*Problem to solve*: Restate word for word the lines of the data below, from the first through the one that has "using endpoint_verts[OF v]".

*Records for this exercise*:
Segment Open

lemma compose_eq_endpoint: "v \<in> verts k \<Longrightarrow> compose k d1 d2 v = endpoint v"
proof -
  assume v: "v \<in> verts k"
  have "(THE w. w \<in> verts k \<and> w \<noteq> v \<and> (lift v, lift w) \<in> stack_conn k d1 d2) = endpoint v"
  proof (rule the_equality)
    show "endpoint v \<in> verts k \<and> endpoint v \<noteq> v \<and>
        (lift v, lift (endpoint v)) \<in> stack_conn k d1 d2"
      using endpoint_verts[OF v] endpoint_neq[OF v] conn_endpoint[OF v] by blast
    fix w assume "w \<in> verts k \<and> w \<noteq> v \<and> (lift v, lift w) \<in> stack_conn k d1 d2"
    then show "w = endpoint v" using conn_boundary_unique[OF v, of w] by blast
  qed
  then show ?thesis by (simp add: compose_def v)
qed

lemma endpoint_endpoint: "v \<in> verts k \<Longrightarrow> endpoint (endpoint v) = v"
proof -
  assume v: "v \<in> verts k"
  let ?w = "endpoint v"
  show ?thesis
    using conn_boundary_unique[of ?w v] endpoint_verts[OF v] v endpoint_neq[OF v] conn_sym[OF conn_endpoint[OF v]]
    by auto
qed

lemma compose_WB: "compose k d1 d2 \<in> WB k"
proof (rule WB_I)
  fix v assume v: "v \<in> verts k"
  show "compose k d1 d2 v \<in> verts k" using compose_eq_endpoint[OF v] endpoint_verts[OF v] by simp
  show "compose k d1 d2 (compose k d1 d2 v) = v"
    using compose_eq_endpoint[OF v] compose_eq_endpoint[OF endpoint_verts[OF v]] endpoint_endpoint[OF v] by simp
  show "polarity k (compose k d1 d2 v) = (\<not> polarity k v)"
    using compose_eq_endpoint[OF v] polarity_endpoint[OF v] by simp
next
  fix v assume "v \<notin> verts k" then show "compose k d1 d2 v = v" unfolding compose_def by simp
qed

section \<open>Compatible middle rows\<close>

abbreviation conn :: "((nat \<times> nat) \<times> (nat \<times> nat)) set" where "conn \<equiv> stack_conn k d1 d2"

definition level_label :: "(nat \<Rightarrow> nat) \<Rightarrow> (nat \<Rightarrow> nat) \<Rightarrow>
    (nat \<Rightarrow> nat) \<Rightarrow> nat \<times> nat \<Rightarrow> nat" where
  "level_label a b c u = (if fst u = 0 then b (snd u) else if fst u = 1 then c (snd u) else a (snd u))"

lemma level_label_lift: "level_label a b c (lift w) = vlab a b w"
  unfolding level_label_def lift_def vlab_def by auto

lemma level_label_upper: "level_label a b c (stack_pos (True, x)) = vlab c b x"
  unfolding level_label_def stack_pos_def vlab_def by auto

lemma level_label_lower: "level_label a b c (stack_pos (False, x)) = vlab a c x"
  unfolding level_label_def stack_pos_def vlab_def by auto

definition compatible :: "(nat \<Rightarrow> nat) \<Rightarrow> (nat \<Rightarrow> nat) \<Rightarrow>
    (nat \<Rightarrow> nat) \<Rightarrow> bool" where
  "compatible a b c \<longleftrightarrow> delta k d1 c b \<and> delta k d2 a c"

lemma compatible_edge: "compatible a b c \<Longrightarrow>
    (u, u') \<in> SE \<union> SE\<inverse> \<Longrightarrow> level_label a b c u = level_label a b c u'"
proof -
  assume val: "compatible a b c" and e: "(u, u') \<in> SE \<union> SE\<inverse>"
  obtain t z where tz: "z \<in> verts k" "u = stack_pos (t, z)" "u' = stack_pos (t, layer t z)"
    using e stack_edges_sym_iff by blast
  show ?thesis
  proof (cases t)
    case True
    then show ?thesis using val tz unfolding compatible_def delta_def by (simp add: level_label_upper layer_def)
  next
    case False
    then show ?thesis using val tz unfolding compatible_def delta_def by (simp add: level_label_lower layer_def)
  qed
qed

lemma compatible_conn: "compatible a b c \<Longrightarrow> (u, u') \<in> conn \<Longrightarrow>
    level_label a b c u = level_label a b c u'"
proof -
  assume val: "compatible a b c" and "(u, u') \<in> conn"
  then have "(u, u') \<in> (SE \<union> SE\<inverse>)\<^sup>*" unfolding stack_conn_def by simp
  then show ?thesis
  proof (induction rule: rtrancl_induct)
    case base then show ?case by simp
  next
    case (step y z) then show ?case using compatible_edge[OF val] by metis
  qed
qed

lemma compatibleI:
  assumes "\<And>u u'. (u, u') \<in> SE \<Longrightarrow> level_label a b c u = level_label a b c u'"
  shows "compatible a b c"
proof -
  have "delta k d1 c b" unfolding delta_def
  proof
    fix x assume x: "x \<in> verts k"
    have "(stack_pos (True, x), stack_pos (True, layer True x)) \<in> SE" using stack_edges_iff x by blast
    then show "vlab c b (d1 x) = vlab c b x" using assms level_label_upper by (metis layer_def)
  qed
  moreover have "delta k d2 a c" unfolding delta_def
  proof
    fix x assume x: "x \<in> verts k"
    have "(stack_pos (False, x), stack_pos (False, layer False x)) \<in> SE" using stack_edges_iff x by blast
    then show "vlab a c (d2 x) = vlab a c x" using assms level_label_lower by (metis layer_def)
  qed
  ultimately show ?thesis unfolding compatible_def by simp
qed

lemma compatible_delta_compose: "compatible a b c \<Longrightarrow> delta k (compose k d1 d2) a b"
  unfolding delta_def
proof
  fix v assume val: "compatible a b c" and v: "v \<in> verts k"
  have "level_label a b c (lift v) = level_label a b c (lift (endpoint v))"
    using compatible_conn[OF val conn_endpoint[OF v]] .
  then show "vlab a b (compose k d1 d2 v) = vlab a b v" using compose_eq_endpoint[OF v] level_label_lift by metis
qed

lemma conn_refl: "(x, x) \<in> conn" unfolding stack_conn_def by simp

lemma conn_trans: "(x, y) \<in> conn \<Longrightarrow> (y, z) \<in> conn \<Longrightarrow> (x, z) \<in> conn"
  unfolding stack_conn_def by simp

lemma conn_class_eq: "(x, y) \<in> conn \<Longrightarrow> conn `` {x} = conn `` {y}"
  using conn_trans conn_sym by blast

lemma conn_target_cases: "(x, u) \<in> conn \<Longrightarrow> u = x \<or>
    (\<exists>t z. z \<in> verts k \<and> u = stack_pos (t, z))"
proof -
  assume "(x, u) \<in> conn"
  then have "(x, u) \<in> (SE \<union> SE\<inverse>)\<^sup>*" unfolding stack_conn_def by simp
  then show ?thesis
  proof (induction rule: rtrancl_induct)
    case base then show ?case by simp
  next
    case (step y z)
    then obtain t w where "w \<in> verts k" "z = stack_pos (t, layer t w)" using stack_edges_sym_iff by blast
    then show ?case using WB_D(1)[OF layer_WB] by blast
  qed
qed

definition loops :: "(nat \<times> nat) set set" where
  "loops = {C. \<exists>i<2*k. C = conn `` {(1, i)} \<and> C \<subseteq> {1} \<times> {..<2*k}}"

lemma cycles_eq_card_loops: "cycles k d1 d2 = card loops"
  unfolding cycles_def loops_def by simp

lemma finite_loops: "finite loops"
proof -
  have "loops \<subseteq> (\<lambda>i. conn `` {(1, i)}) ` {..<2*k}" unfolding loops_def by auto
  then show ?thesis using finite_subset by blast
qed

lemma loops_iff: "j < 2*k \<Longrightarrow> conn `` {(1, j)} \<in> loops \<longleftrightarrow>
    conn `` {(1, j)} \<subseteq> {1} \<times> {..<2*k}"
  unfolding loops_def by auto

lemma non_loop_reaches_boundary:
  assumes j: "j < 2*k" and nc: "conn `` {(1, j)} \<notin> loops"
  shows "\<exists>w\<in>verts k. ((1, j), lift w) \<in> conn"
proof -
  obtain u where u: "u \<in> conn `` {(1, j)}" "u \<notin> {1} \<times> {..<2*k}" using nc loops_iff[OF j] by auto
  have "u \<noteq> (1, j)" using u j by auto
  then obtain t z where tz: "z \<in> verts k" "u = stack_pos (t, z)" using conn_target_cases u by blast
  have "snd (stack_pos (t, z)) < 2*k" using tz(1) verts_iff[of z k] by (simp add: stack_pos_def)
  then have "fst (stack_pos (t, z)) \<noteq> 1" using u(2) tz(2) by (cases "stack_pos (t, z)") auto
  then have "at_boundary (t, z)" using at_boundary_iff_level by simp
  then have "u = lift z" using tz unfolding lift_eq_stack_pos at_boundary_def by auto
  then show ?thesis using tz u by auto
qed

definition loop_rep :: "(nat \<times> nat) set \<Rightarrow> nat" where
  "loop_rep C = (SOME i. i < 2*k \<and> (1, i) \<in> C)"

lemma loop_rep: "C \<in> loops \<Longrightarrow> loop_rep C < 2*k \<and> (1, loop_rep C) \<in> C \<and>
    conn `` {(1, loop_rep C)} = C"
proof -
  assume "C \<in> loops"
  then obtain i where i: "i < 2*k" "C = conn `` {(1, i)}" unfolding loops_def by auto
  have "i < 2*k \<and> (1, i) \<in> C" using i conn_refl by auto
  then have r: "loop_rep C < 2*k \<and> (1, loop_rep C) \<in> C" unfolding loop_rep_def by (rule someI)
  then have "((1, i), (1, loop_rep C)) \<in> conn" using i by auto
  then have "conn `` {(1, loop_rep C)} = C" using conn_class_eq conn_sym i by metis
  then show ?thesis using r by simp
qed

lemma stack_pos_cases: "z \<in> verts k \<Longrightarrow> stack_pos (t, z) = lift z \<or>
    (stack_pos (t, z) = (1, snd z) \<and> snd z < 2*k)"
  unfolding stack_pos_def lift_def verts_iff by (cases t; cases z) auto

lemma lift_not_middle: "lift w \<notin> {1} \<times> X"
  unfolding lift_def by auto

Segment Closed

*Task output*:
lemma compose_eq_endpoint: "v \<in> verts k \<Longrightarrow> compose k d1 d2 v = endpoint v"
proof -
  assume v: "v \<in> verts k"
  have "(THE w. w \<in> verts k \<and> w \<noteq> v \<and> (lift v, lift w) \<in> stack_conn k d1 d2) = endpoint v"
  proof (rule the_equality)
    show "endpoint v \<in> verts k \<and> endpoint v \<noteq> v \<and>
        (lift v, lift (endpoint v)) \<in> stack_conn k d1 d2"
      using endpoint_verts[OF v] endpoint_neq[OF v] conn_endpoint[OF v] by blast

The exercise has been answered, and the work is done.